(* Let $\ell,d\ge0$ be integers, $n=2^\ell$, $m=2^d$, and $\lambda=m/n=2^{d-\ell}$. Let $a$ be an integer with $d\ge a\ge\max\{1,d-\ell\}$. Then there exist a positive integer $N$ and a set $S\subseteq\mathbb{F}_2^N\setminus\{0\}$ of $m$ distinct nonzero vectors such that, for a uniformly random linear map $h:\mathbb{F}_2^N\to\mathbb{F}_2^\ell$, \[ \Pr\left[|\{x\in S: h(x)=0\}|>2^a-2\right]\ge\gamma^2\lambda^a2^{-a^2}, \] where $\gamma:=\prod_{j=1}^\infty(1-2^{-j})$.
   Context: A uniformly random linear map is chosen uniformly among all linear maps $\mathbb{F}_2^N\to\mathbb{F}_2^\ell$. *)

theory Defs
  imports "HOL-Analysis.Analysis" "HOL-Library.Z2"
begin

definition F2vec :: "nat \<Rightarrow> (nat \<Rightarrow> bit) set" where
  "F2vec N = {x. \<forall>i\<ge>N. x i = 0}"

text \<open>Linear maps F_2^N -> F_2^l, normalised (extensionally) to 0 outside F_2^N
  so that the set of such maps is finite and in bijection with the linear maps.\<close>
definition F2lin :: "nat \<Rightarrow> nat \<Rightarrow> ((nat \<Rightarrow> bit) \<Rightarrow> (nat \<Rightarrow> bit)) set" where
  "F2lin N l = {h. (\<forall>x\<in>F2vec N. h x \<in> F2vec l)
      \<and> (\<forall>x\<in>F2vec N. \<forall>y\<in>F2vec N. h (\<lambda>i. x i + y i) = (\<lambda>i. h x i + h y i))
      \<and> (\<forall>c::bit. \<forall>x\<in>F2vec N. h (\<lambda>i. c * x i) = (\<lambda>i. c * h x i))
      \<and> (\<forall>x. x \<notin> F2vec N \<longrightarrow> h x = (\<lambda>_. 0))}"

definition prob_lin :: "nat \<Rightarrow> nat \<Rightarrow> (((nat \<Rightarrow> bit) \<Rightarrow> (nat \<Rightarrow> bit)) \<Rightarrow> bool) \<Rightarrow> real" where
  "prob_lin N l P = real (card {h \<in> F2lin N l. P h}) / real (card (F2lin N l))"

definition gamma_const :: real where
  "gamma_const = (\<Prod>j. 1 - (1/2) ^ Suc j)"

end

theory Submission
  imports Defs
begin

text \<open>Write d = k + a, so that k \<le> l, take N = d + 1 and let S consist of the nonzero vectors
  of F_2^d together with the unit vector e_d. If the columns h(e_0), ..., h(e_{k-1}) are linearly
  independent and h(e_k), ..., h(e_{d-1}) lie in their span, then h has at least 2^a zeros on F_2^d,
  hence at least 2^a - 1 in S. There are at least gamma 2^{lk} independent k-tuples, 2^{ka}
  choices of the spanned columns and 2^l choices of h(e_d), out of 2^{l(d+1)} linear maps, so
  the event has probability at least gamma 2^{(k-l)a} = gamma \<lambda>^a 2^{-a^2} \<ge> gamma^2 \<lambda>^a 2^{-a^2}.\<close>

(* Keep + and * on bit as field operations instead of rewriting them to XOR and AND. *)
declare add_bit_eq_xor[simp del] mult_bit_eq_and[simp del]

lemma UNIV_bit: "(UNIV :: bit set) = {0, 1}"
  using bit_not_zero_iff by blast

lemma card_UNIV_bit: "card (UNIV :: bit set) = 2"
  by (simp add: UNIV_bit)

lemma bit_solve_linear: "(a :: bit) + y * v = b + z * v \<Longrightarrow> y \<noteq> z \<Longrightarrow> v = a + b"
  by (cases y; cases z) (auto simp: add.assoc[symmetric])

lemma zero_in_F2vec [simp]: "(\<lambda>_. 0) \<in> F2vec n"
  by (simp add: F2vec_def)

lemma bij_betw_restrict_F2vec:
  "bij_betw (\<lambda>x. restrict x {..<n}) (F2vec n) (PiE {..<n} (\<lambda>_. UNIV))"
proof (rule bij_betw_imageI)
  show "inj_on (\<lambda>x. restrict x {..<n}) (F2vec n)"
  proof (rule inj_onI)
    fix x y
    assume "x \<in> F2vec n" "y \<in> F2vec n" "restrict x {..<n} = restrict y {..<n}"
    then have "x i = y i" for i
      unfolding F2vec_def by (cases "i < n") (auto dest: fun_cong[of _ _ i])
    then show "x = y" ..
  qed
  show "(\<lambda>x. restrict x {..<n}) ` F2vec n = PiE {..<n} (\<lambda>_. UNIV)"
  proof (intro subset_antisym subsetI)
    fix f :: "nat \<Rightarrow> bit"
    assume f: "f \<in> PiE {..<n} (\<lambda>_. UNIV)"
    let ?x = "\<lambda>i. if i < n then f i else 0"
    have x: "?x \<in> F2vec n"
      by (simp add: F2vec_def)
    have "restrict ?x {..<n} = restrict f {..<n}"
      by (rule restrict_ext) simp
    then have "restrict ?x {..<n} = f"
      using PiE_restrict[OF f] by simp
    then show "f \<in> (\<lambda>x. restrict x {..<n}) ` F2vec n"
      using x by (rule image_eqI[OF sym])
  qed (erule imageE, simp)
qed

lemma card_F2vec [simp]: "card (F2vec n) = 2 ^ n"
  using bij_betw_same_card[OF bij_betw_restrict_F2vec] by (simp add: card_PiE card_UNIV_bit)

lemma finite_F2vec [simp]: "finite (F2vec n)"
  using bij_betw_finite[OF bij_betw_restrict_F2vec] by (simp add: finite_PiE UNIV_bit)

lemma F2vec_mono: "m \<le> n \<Longrightarrow> F2vec m \<subseteq> F2vec n"
  by (auto simp: F2vec_def)

definition unit_vec :: "nat \<Rightarrow> nat \<Rightarrow> bit" where
  "unit_vec j = (\<lambda>i. if i = j then 1 else 0)"

lemma unit_vec_in_F2vec: "j < n \<Longrightarrow> unit_vec j \<in> F2vec n"
  by (simp add: unit_vec_def F2vec_def)

lemma unit_vec_notin_F2vec: "unit_vec n \<notin> F2vec n"
  by (simp add: unit_vec_def F2vec_def)

lemma unit_vec_nonzero: "unit_vec j \<noteq> (\<lambda>_. 0)"
  by (simp add: unit_vec_def fun_eq_iff)

definition lincomb :: "nat \<Rightarrow> (nat \<Rightarrow> nat \<Rightarrow> bit) \<Rightarrow> (nat \<Rightarrow> bit) \<Rightarrow> nat \<Rightarrow> bit" where
  "lincomb n c y = (\<lambda>r. \<Sum>j<n. y j * c j r)"

lemma lincomb_in_F2vec: "(\<And>j. j < n \<Longrightarrow> c j \<in> F2vec l) \<Longrightarrow> lincomb n c y \<in> F2vec l"
  by (simp add: lincomb_def F2vec_def)

lemma lincomb_cong:
  "(\<And>j. j < n \<Longrightarrow> c j = c' j) \<Longrightarrow> (\<And>j. j < n \<Longrightarrow> y j = y' j) \<Longrightarrow> lincomb n c y = lincomb n c' y'"
  unfolding lincomb_def by auto

lemma lincomb_Suc: "lincomb (Suc n) c y = (\<lambda>r. lincomb n c y r + y n * c n r)"
  by (simp add: lincomb_def)

lemma lincomb_add: "lincomb n c (\<lambda>j. y j + z j) = (\<lambda>r. lincomb n c y r + lincomb n c z r)"
  by (simp add: lincomb_def distrib_right sum.distrib)

lemma lincomb_scale: "lincomb n c (\<lambda>j. b * y j) = (\<lambda>r. b * lincomb n c y r)"
  by (simp add: lincomb_def sum_distrib_left mult.assoc)

lemma lincomb_extend_F2vec:
  "y \<in> F2vec n \<Longrightarrow> n \<le> m \<Longrightarrow> lincomb m c y = lincomb n c y"
  unfolding lincomb_def F2vec_def by (intro ext sum.mono_neutral_right) auto

definition col_map :: "nat \<Rightarrow> (nat \<Rightarrow> nat \<Rightarrow> bit) \<Rightarrow> (nat \<Rightarrow> bit) \<Rightarrow> nat \<Rightarrow> bit" where
  "col_map N c = (\<lambda>x. if x \<in> F2vec N then lincomb N c x else (\<lambda>_. 0))"

lemma col_map_in_F2lin:
  assumes "\<And>j. j < N \<Longrightarrow> c j \<in> F2vec l"
  shows "col_map N c \<in> F2lin N l"
proof -
  have "(\<lambda>i. x i + y i) \<in> F2vec N" if "x \<in> F2vec N" "y \<in> F2vec N" for x y
    using that by (simp add: F2vec_def)
  moreover have "(\<lambda>i. b * x i) \<in> F2vec N" if "x \<in> F2vec N" for x and b :: bit
    using that by (simp add: F2vec_def)
  ultimately show ?thesis
    unfolding F2lin_def col_map_def
    by (simp add: lincomb_in_F2vec[OF assms] lincomb_add lincomb_scale)
qed

lemma col_map_cong:
  assumes "\<And>j. j < N \<Longrightarrow> c j = c' j"
  shows "col_map N c = col_map N c'"
proof -
  have "lincomb N c = lincomb N c'"
    by (rule ext, rule lincomb_cong[OF assms]) simp_all
  then show ?thesis
    unfolding col_map_def by (simp only:)
qed

lemma col_map_unit_vec:
  assumes "j < N"
  shows "col_map N c (unit_vec j) = c j"
proof -
  have "(if P then 1 else 0) * b = (if P then b else 0)" for P and b :: bit
    by simp
  then show ?thesis
    using unit_vec_in_F2vec[OF assms] assms by (simp add: col_map_def lincomb_def unit_vec_def fun_eq_iff)
qed

lemma F2lin_add:
  "h \<in> F2lin N l \<Longrightarrow> x \<in> F2vec N \<Longrightarrow> y \<in> F2vec N \<Longrightarrow> h (\<lambda>i. x i + y i) = (\<lambda>i. h x i + h y i)"
  by (simp add: F2lin_def)

lemma F2lin_scale:
  "h \<in> F2lin N l \<Longrightarrow> x \<in> F2vec N \<Longrightarrow> h (\<lambda>i. b * x i) = (\<lambda>i. b * h x i)"
  by (simp add: F2lin_def)

lemma F2lin_zero: "h \<in> F2lin N l \<Longrightarrow> h (\<lambda>_. 0) = (\<lambda>_. 0)"
  using F2lin_scale[of h N l "\<lambda>_. 0" 0] by simp

lemma F2lin_apply_truncation:
  assumes h: "h \<in> F2lin N l" and "n \<le> N"
  shows "h (\<lambda>i. if i < n then x i else 0) = lincomb n (\<lambda>j. h (unit_vec j)) x"
  using \<open>n \<le> N\<close>
proof (induction n)
  case 0
  then show ?case
    using F2lin_zero[OF h] by (simp add: lincomb_def)
next
  case (Suc n)
  let ?x = "\<lambda>i. if i < n then x i else 0"
  have x: "?x \<in> F2vec N"
    using Suc.prems by (simp add: F2vec_def)
  have e: "unit_vec n \<in> F2vec N"
    using Suc.prems by (simp add: unit_vec_in_F2vec)
  then have xe: "(\<lambda>i. x n * unit_vec n i) \<in> F2vec N"
    by (simp add: F2vec_def)
  have "(\<lambda>i. if i < Suc n then x i else 0) = (\<lambda>i. ?x i + x n * unit_vec n i)"
    by (auto simp: unit_vec_def less_Suc_eq)
  then have "h (\<lambda>i. if i < Suc n then x i else 0) = (\<lambda>i. h ?x i + h (\<lambda>i. x n * unit_vec n i) i)"
    using F2lin_add[OF h x xe] by simp
  also have "h (\<lambda>i. x n * unit_vec n i) = (\<lambda>i. x n * h (unit_vec n) i)"
    by (rule F2lin_scale[OF h e])
  also have "h ?x = lincomb n (\<lambda>j. h (unit_vec j)) x"
    using Suc by simp
  finally show ?case
    by (simp add: lincomb_Suc)
qed

lemma F2lin_eq_col_map: "h \<in> F2lin N l \<Longrightarrow> h = col_map N (\<lambda>j. h (unit_vec j))"
proof
  fix x
  assume h: "h \<in> F2lin N l"
  show "h x = col_map N (\<lambda>j. h (unit_vec j)) x"
  proof (cases "x \<in> F2vec N")
    case True
    then have "(\<lambda>i. if i < N then x i else 0) = x"
      by (auto simp: F2vec_def)
    then have "h x = lincomb N (\<lambda>j. h (unit_vec j)) x"
      using F2lin_apply_truncation[OF h order_refl, of x] by simp
    then show ?thesis
      using True by (simp add: col_map_def)
  next
    case False
    then show ?thesis
      using h by (simp add: F2lin_def col_map_def)
  qed
qed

+++

*Task to complete*. Reproduce only this range: the first line of the data above through the line with "so that the", both included, exactly as written.

*Output of the exercise*.
(* Let $\ell,d\ge0$ be integers, $n=2^\ell$, $m=2^d$, and $\lambda=m/n=2^{d-\ell}$. Let $a$ be an integer with $d\ge a\ge\max\{1,d-\ell\}$. Then there exist a positive integer $N$ and a set $S\subseteq\mathbb{F}_2^N\setminus\{0\}$ of $m$ distinct nonzero vectors such that, for a uniformly random linear map $h:\mathbb{F}_2^N\to\mathbb{F}_2^\ell$, \[ \Pr\left[|\{x\in S: h(x)=0\}|>2^a-2\right]\ge\gamma^2\lambda^a2^{-a^2}, \] where $\gamma:=\prod_{j=1}^\infty(1-2^{-j})$.
   Context: A uniformly random linear map is chosen uniformly among all linear maps $\mathbb{F}_2^N\to\mathbb{F}_2^\ell$. *)

theory Defs
  imports "HOL-Analysis.Analysis" "HOL-Library.Z2"
begin

definition F2vec :: "nat \<Rightarrow> (nat \<Rightarrow> bit) set" where
  "F2vec N = {x. \<forall>i\<ge>N. x i = 0}"

text \<open>Linear maps F_2^N -> F_2^l, normalised (extensionally) to 0 outside F_2^N
  so that the set of such maps is finite and in bijection with the linear maps.\<close>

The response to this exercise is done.